The feminine, emancipatory aspects of the political conflict were even broader. Lukashenko committed his first mistake by underestimating his female adversary. His second wrong move was to order brutal pacification measures. Since half of the protestors were women and girls, hundreds of them were arrested. They were tortured just like the men. The media received terrifying accounts of barbaric treatment and photos of mutilated female bodies. These reports were especially infuriating for conservative citizens, who generally believe that women should be treated more gently than men.

However, the Belarusian girls and women were not discouraged. Two weeks after the elections they organized a big march in Minsk, bringing together well over 10,000 people. On this occasion, they once again played the weaker-gender card and taunted the OMON units for several hours by breaking the police lines or changing the route of the march. The internet was flooded with footage of women rescuing fellow male protesters from the hands of the militia. This was quite a courageous feat considering those functionaries had no scruples about torturing female detainees a few days before.

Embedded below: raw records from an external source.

lemma clear_row_segment:
  assumes X: "X \<in> mat_over R p n" and "t < p" and "lower_triangular_rows t X"
  shows "\<exists>V. unimodular R n V \<and> lower_triangular_rows t (X * V) \<and>
    (\<forall>c. t < c \<and> c \<le> t + q \<and> c < n \<longrightarrow> (X * V) $$ (t, c) = 0)"
proof (induction q)
  case 0
  show ?case using assms mat_over_carrier[OF X] by (intro exI[of _ "1\<^sub>m n"]) (auto simp: unimodular_one)
next
  case (Suc q)
  then obtain V where V: "unimodular R n V" "lower_triangular_rows t (X * V)"
    "\<forall>c. t < c \<and> c \<le> t + q \<and> c < n \<longrightarrow> (X * V) $$ (t, c) = 0"
    by blast
  show ?case
  proof (cases "Suc (t + q) < n")
    case False
    then show ?thesis using V by (intro exI[of _ V]) auto
  next
    case True
    have "X * V \<in> mat_over R p n" using X unimodular_mat_over[OF V(1)] by (rule mult_mat_over)
    from clear_entry_by_column_operations[OF this \<open>t < p\<close> _ True, of t]
    obtain W where W: "unimodular R n W" "(X * V * W) $$ (t, Suc (t + q)) = 0"
      "\<forall>i<p. \<forall>c<n. c \<noteq> t \<and> c \<noteq> Suc (t + q) \<longrightarrow> (X * V * W) $$ (i, c) = (X * V) $$ (i, c)"
      "\<forall>i<p. (X * V) $$ (i, t) = 0 \<and> (X * V) $$ (i, Suc (t + q)) = 0 \<longrightarrow>
         (X * V * W) $$ (i, t) = 0 \<and> (X * V * W) $$ (i, Suc (t + q)) = 0"
      using True by auto
    have dims: "dim_col (X * V) = n" "dim_col (X * V * W) = n"
      using unimodular_carrier[OF V(1)] unimodular_carrier[OF W(1)] by auto
    have "(X * V * W) $$ (i, c) = 0" if "i < t" "i < c" "c < n" for i c
    proof (cases "c = t \<or> c = Suc (t + q)")
      case True
      then show ?thesis using V(2) W(4) that True \<open>t < p\<close> \<open>Suc (t + q) < n\<close> dims
        unfolding lower_triangular_rows_def by auto
    next
      case False
      then show ?thesis using V(2) W(3) that \<open>t < p\<close> dims
        unfolding lower_triangular_rows_def by auto
    qed
    then have "lower_triangular_rows t (X * V * W)"
      using dims unfolding lower_triangular_rows_def by auto
    moreover have "(X * V * W) $$ (t, c) = 0" if "t < c" "c \<le> t + Suc q" "c < n" for c
      using that V(3) W(2,3) \<open>t < p\<close> by (cases "c = Suc (t + q)") auto
    ultimately show ?thesis
      using mat_over_carrier[OF X] by (intro unimodular_mult_assoc_exI[OF _ V(1) W(1)]) auto
  qed
qed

Moreover, it was the 73-year-old Nina Baginskaya who became an icon of the protests. The woman had been participating in demonstrations for years, with the historical red-and-white flag in hand, doggedly attending all of the feeble rallies organized by the opposition over the decades. She was repeatedly punished with fines and forfeiture for taking part in illegal activities, yet gained nationwide recognition for her perseverance. Many videos were posted online of the petite pensioner grappling with a buffed-up OMON functionary who had tried to take her flag away.

The political empowerment of Belarusian women is a fact. They hunted Lukashenko down, just like Birnam Wood went after Macbeth. The dictator had a specific attitude towards women – he sent his wife Halina away to the countryside, he used beautiful young girls as PR and campaign mascots, but he did not foresee that his power would be challenged by those he had always despised so deeply.